[Input for this task Boundary: Start]

lemma conj_action_fixes_i:
  assumes "qunit (Q a b 0 0)"
  shows "Q a b 0 0 * Q 0 t 0 0 * qcnj (Q a b 0 0) = Q 0 t 0 0"
proof -
  have "a * (a * t) + b * (b * t) = (a * a + b * b) * t" by (simp add: algebra_simps)
  also have "\<dots> = t" using assms by (simp add: qunit_def power2_eq_square)
  finally show ?thesis by (simp add: Q_mult algebra_simps)
qed

text \<open>To rotate \<open>u\<close> onto the axis \<open>e\<close> by \<open>u \<mapsto> q u q\<^sup>*\<close>, take \<open>q\<close> to be \<open>|u| - e u\<close>
  normalised; when this vanishes, \<open>u\<close> points along \<open>-e\<close> and a half turn suffices.\<close>

lemma pure_quat_rotate_to_i: "\<exists>q \<rho>. qunit q \<and> q * Q 0 u2 u3 u4 * qcnj q = Q 0 \<rho> 0 0"
proof -
  define n where "n = sqrt (u2\<^sup>2 + u3\<^sup>2 + u4\<^sup>2)"
  have nn: "n * n = u2\<^sup>2 + u3\<^sup>2 + u4\<^sup>2"
    unfolding n_def by simp
  define q where "q = Q (n + u2) 0 u4 (- u3)"
  show ?thesis
  proof (cases "q = 0")
    case False
    have "q * Q 0 u2 u3 u4 * qcnj q = Q 0 (n * qnorm2 q - (n + u2) * (n * n - (u2\<^sup>2 + u3\<^sup>2 + u4\<^sup>2)))
        (u3 * (n * n - (u2\<^sup>2 + u3\<^sup>2 + u4\<^sup>2))) (u4 * (n * n - (u2\<^sup>2 + u3\<^sup>2 + u4\<^sup>2)))"
      unfolding q_def by (simp add: Q_mult algebra_simps power2_eq_square)
    then have "q * Q 0 u2 u3 u4 * qcnj q = Q 0 (n * qnorm2 q) 0 0"
      using nn by simp
    then have "(Q (1 / sqrt (qnorm2 q)) 0 0 0 * q) * Q 0 u2 u3 u4 * qcnj (Q (1 / sqrt (qnorm2 q)) 0 0 0 * q)
        = Q 0 n 0 0"
      using qnorm2_pos[OF False] by (simp add: conj_action_real_scale Q_mult)
    then show ?thesis using qunit_normalize[OF False] by blast
  next
    case True
    then have "u3 = 0" "u4 = 0" unfolding q_def zero_quat_def by auto
    then have "Q 0 0 1 0 * Q 0 u2 u3 u4 * qcnj (Q 0 0 1 0) = Q 0 (- u2) 0 0"
      by (simp add: Q_mult)
    moreover have "qunit (Q 0 0 1 0)" by (simp add: qunit_def)
    ultimately show ?thesis by blast
  qed
qed

lemma jk_quat_rotate_to_j:
  "\<exists>a b \<rho>. qunit (Q a b 0 0) \<and> Q a b 0 0 * Q 0 0 u3 u4 * qcnj (Q a b 0 0) = Q 0 0 \<rho> 0"
proof -
  define n where "n = sqrt (u3\<^sup>2 + u4\<^sup>2)"
  have nn: "n * n = u3\<^sup>2 + u4\<^sup>2"
    unfolding n_def by simp
  define q where "q = Q (n + u3) (- u4) 0 0"
  define s where "s = 1 / sqrt (qnorm2 q)"
  show ?thesis
  proof (cases "q = 0")
    case False
    have "q * Q 0 0 u3 u4 * qcnj q =
        Q 0 0 (n * qnorm2 q - (n + u3) * (n * n - (u3\<^sup>2 + u4\<^sup>2))) (u4 * (n * n - (u3\<^sup>2 + u4\<^sup>2)))"
      unfolding q_def by (simp add: Q_mult algebra_simps power2_eq_square)
    then have "q * Q 0 0 u3 u4 * qcnj q = Q 0 0 (n * qnorm2 q) 0"
      using nn by simp
    then have "(Q s 0 0 0 * q) * Q 0 0 u3 u4 * qcnj (Q s 0 0 0 * q) = Q 0 0 n 0"
      using qnorm2_pos[OF False] by (simp add: conj_action_real_scale Q_mult s_def)
    moreover have "Q s 0 0 0 * q = Q (s * (n + u3)) (s * (- u4)) 0 0"
      unfolding q_def by (simp add: Q_mult)
    ultimately show ?thesis
      using qunit_normalize[OF False] unfolding s_def by metis
  next
    case True
    then have "u4 = 0" unfolding q_def zero_quat_def by auto
    then have "Q 0 1 0 0 * Q 0 0 u3 u4 * qcnj (Q 0 1 0 0) = Q 0 0 (- u3) 0"
      by (simp add: Q_mult)
    moreover have "qunit (Q 0 1 0 0)" by (simp add: qunit_def)
    ultimately show ?thesis by blast
  qed
qed

lemma pure_quat_rotate_into_ij:
  "\<exists>a b \<rho>. qunit (Q a b 0 0) \<and> Q a b 0 0 * Q 0 u2 u3 u4 * qcnj (Q a b 0 0) = Q 0 u2 \<rho> 0"
proof -
  obtain a b \<rho> where q: "qunit (Q a b 0 0)" and h: "Q a b 0 0 * Q 0 0 u3 u4 * qcnj (Q a b 0 0) = Q 0 0 \<rho> 0"
    using jk_quat_rotate_to_j by blast
  have "Q 0 u2 u3 u4 = Q 0 u2 0 0 + Q 0 0 u3 u4"
    by (simp add: Q_add)
  then have "Q a b 0 0 * Q 0 u2 u3 u4 * qcnj (Q a b 0 0) =
      Q a b 0 0 * Q 0 u2 0 0 * qcnj (Q a b 0 0) + Q a b 0 0 * Q 0 0 u3 u4 * qcnj (Q a b 0 0)"
    by (simp only: distrib_left distrib_right)
  also have "\<dots> = Q 0 u2 0 0 + Q 0 0 \<rho> 0"
    by (simp only: conj_action_fixes_i[OF q] h)
  finally show ?thesis
    using q by (auto simp: Q_add)
qed

lemma exists_qunit_real_product:
  assumes q: "qunit q"
  shows "\<exists>r \<rho>. qunit r \<and> r * t * qcnj q = Q \<rho> 0 0 0"
proof (cases "t = 0")
  case True
  then show ?thesis
    using qunit_one by (intro exI[of _ 1] exI[of _ 0]) (simp add: zero_quat_def[symmetric])
next
  case False
  have "q * qcnj t \<noteq> 0"
  proof
    assume "q * qcnj t = 0"
    then have "qcnj q * (q * qcnj t) = 0" by simp
    then have "qcnj t = 0" using qunit_cancel_left[OF q] by simp
    then show False using False by (cases t) (simp add: zero_quat_def)
  qed
  moreover have "Q s 0 0 0 * (q * qcnj t) * t * qcnj q = Q (s * qnorm2 t) 0 0 0" for s
    using conj_action_fixes_real[OF q] by (simp add: mult.assoc qcnj_mult_self Q_mult)
  ultimately show ?thesis using qunit_normalize by blast
qed

section \<open>Automorphisms of the octonions\<close>

definition oct_aut :: "(oct \<Rightarrow> oct) \<Rightarrow> bool" where
  "oct_aut f \<longleftrightarrow>
     linear f \<and> bij f \<and> (\<forall>a b. f (omul a b) = omul (f a) (f b)) \<and> (\<forall>a. f (ocnj a) = ocnj (f a))"

lemma oct_aut_comp: "oct_aut f \<Longrightarrow> oct_aut g \<Longrightarrow> oct_aut (f \<circ> g)"
  unfolding oct_aut_def by (auto simp: linear_compose bij_comp)

lemma oct_aut_assoc: "oct_aut f \<Longrightarrow> f (assoc x y z) = assoc (f x) (f y) (f z)"
  unfolding assoc_def oct_aut_def by (simp add: linear_diff)

lemma oct_aut_ore:
  assumes f: "oct_aut f" and w: "ore w = 0"
  shows "ore (f w) = 0"
proof -
  have lin: "linear f" and cnj: "f (ocnj w) = ocnj (f w)"
    using f by (simp_all add: oct_aut_def)
  have "ocnj w = - w" using w by (simp add: oct_eq_iff ocnj_nth ore_def)
  then have "ocnj (f w) = - f w" by (metis cnj lin linear_neg)
  then show ?thesis by (simp add: oct_eq_iff ocnj_nth ore_def)
qed

lemma ohead_ojoin [simp]: "ohead (ojoin a b) = a"
  by (cases a; cases b) (simp add: ohead_def)

lemma otail_ojoin [simp]: "otail (ojoin a b) = b"
  by (cases a; cases b) (simp add: otail_def)

lemma ojoin_ohead_otail: "ojoin (ohead w) (otail w) = w"
  by (simp add: ohead_def otail_def oct_eq_iff)

lemma ojoin_cases: obtains a b where "w = ojoin a b"
  using ojoin_ohead_otail by metis

lemma omul_ojoin: "omul (ojoin a b) (ojoin c d) = ojoin (a * c - qcnj d * b) (d * a + b * qcnj c)"
  by (simp add: omul_def times_quat_def plus_quat_def minus_quat_def)

lemma ocnj_ojoin: "ocnj (ojoin a b) = ojoin (qcnj a) (- b)"
  by (cases a; cases b) (simp add: oct_eq_iff ocnj_nth uminus_quat_def)

lemma ojoin_add: "ojoin a b + ojoin c d = ojoin (a + c) (b + d)"
  by (cases a; cases b; cases c; cases d) (simp add: oct_eq_iff Q_add)

lemma scaleR_ojoin: "s *\<^sub>R ojoin a b = ojoin (Q s 0 0 0 * a) (Q s 0 0 0 * b)"
  by (cases a; cases b) (simp add: oct_eq_iff Q_mult)

definition qpair_aut :: "quat \<Rightarrow> quat \<Rightarrow> oct \<Rightarrow> oct" where
  "qpair_aut q r w = ojoin (q * ohead w * qcnj q) (r * otail w * qcnj q)"

lemma qpair_aut_ojoin: "qpair_aut q r (ojoin a b) = ojoin (q * a * qcnj q) (r * b * qcnj q)"
  by (simp add: qpair_aut_def)

lemma linear_qpair_aut: "linear (qpair_aut q r)"
proof (rule linearI)
  fix x y :: oct and s :: real
  obtain a b where x: "x = ojoin a b" by (rule ojoin_cases)
  obtain c d where y: "y = ojoin c d" by (rule ojoin_cases)
  show "qpair_aut q r (x + y) = qpair_aut q r x + qpair_aut q r y"
    unfolding x y ojoin_add qpair_aut_ojoin by (simp add: algebra_simps)
  show "qpair_aut q r (s *\<^sub>R x) = s *\<^sub>R qpair_aut q r x"
    unfolding x scaleR_ojoin qpair_aut_ojoin
    by (simp add: mult.assoc[symmetric] real_quat_commute) (simp add: mult.assoc real_quat_commute)
qed

lemma oct_aut_qpair_aut:
  assumes q: "qunit q" and r: "qunit r"
  shows "oct_aut (qpair_aut q r)"
  unfolding oct_aut_def
proof (intro conjI allI)
  show "linear (qpair_aut q r)"
    by (rule linear_qpair_aut)
  have inverse: "qpair_aut (qcnj q') (qcnj r') (qpair_aut q' r' x) = x"
    if "qunit q'" "qunit r'" for q' r' x
  proof -
    obtain a b where x: "x = ojoin a b" by (rule ojoin_cases)
    show ?thesis
      unfolding x qpair_aut_ojoin
      using that by (simp add: mult.assoc qunit_cancel_left qunit_qcnj_mult)
  qed
  have "qpair_aut q r (qpair_aut (qcnj q) (qcnj r) x) = x" for x
    using inverse[of "qcnj q" "qcnj r" x] q r by (simp add: qunit_qcnj)
  then show "bij (qpair_aut q r)"
    by (intro o_bij[of "qpair_aut (qcnj q) (qcnj r)"]) (simp_all add: fun_eq_iff q r inverse)
  fix x y
  obtain a b where x: "x = ojoin a b" by (rule ojoin_cases)
  obtain c d where y: "y = ojoin c d" by (rule ojoin_cases)
  have "q * (a * c - qcnj d * b) * qcnj q =
      q * a * qcnj q * (q * c * qcnj q) - qcnj (r * d * qcnj q) * (r * b * qcnj q)"
    "r * (d * a + b * qcnj c) * qcnj q =
      r * d * qcnj q * (q * a * qcnj q) + r * b * qcnj q * qcnj (q * c * qcnj q)"
    by (simp_all add: qcnj_mult mult.assoc qunit_cancel_left[OF q] qunit_cancel_left[OF r] algebra_simps)
  then show "qpair_aut q r (omul x y) = omul (qpair_aut q r x) (qpair_aut q r y)"
    unfolding x y omul_ojoin qpair_aut_ojoin by simp
  show "qpair_aut q r (ocnj x) = ocnj (qpair_aut q r x)"
    unfolding x ocnj_ojoin qpair_aut_ojoin by (simp add: qcnj_mult mult.assoc)
qed

text \<open>The automorphism \<open>i \<mapsto> j \<mapsto> \<ell> \<mapsto> i\<close>.\<close>

definition cycle_ijl :: "oct \<Rightarrow> oct" where
  "cycle_ijl w = (\<chi> e. case e of E1 \<Rightarrow> w$E1 | Ei \<Rightarrow> w$El | Ej \<Rightarrow> w$Ei | Ek \<Rightarrow> - w$Eil
     | Ekl \<Rightarrow> w$Ekl | Ejl \<Rightarrow> w$Ek | Eil \<Rightarrow> - w$Ejl | El \<Rightarrow> w$Ej)"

[Input for this task Boundary: End]

*About this exercise*
Copy each line of the preceding data that contains the string "moreover".

*Completed task*
    moreover have "qunit (Q 0 0 1 0)" by (simp add: qunit_def)
    moreover have "Q s 0 0 0 * q = Q (s * (n + u3)) (s * (- u4)) 0 0"
    moreover have "qunit (Q 0 1 0 0)" by (simp add: qunit_def)
  moreover have "Q s 0 0 0 * (q * qcnj t) * t * qcnj q = Q (s * qnorm2 t) 0 0 0" for s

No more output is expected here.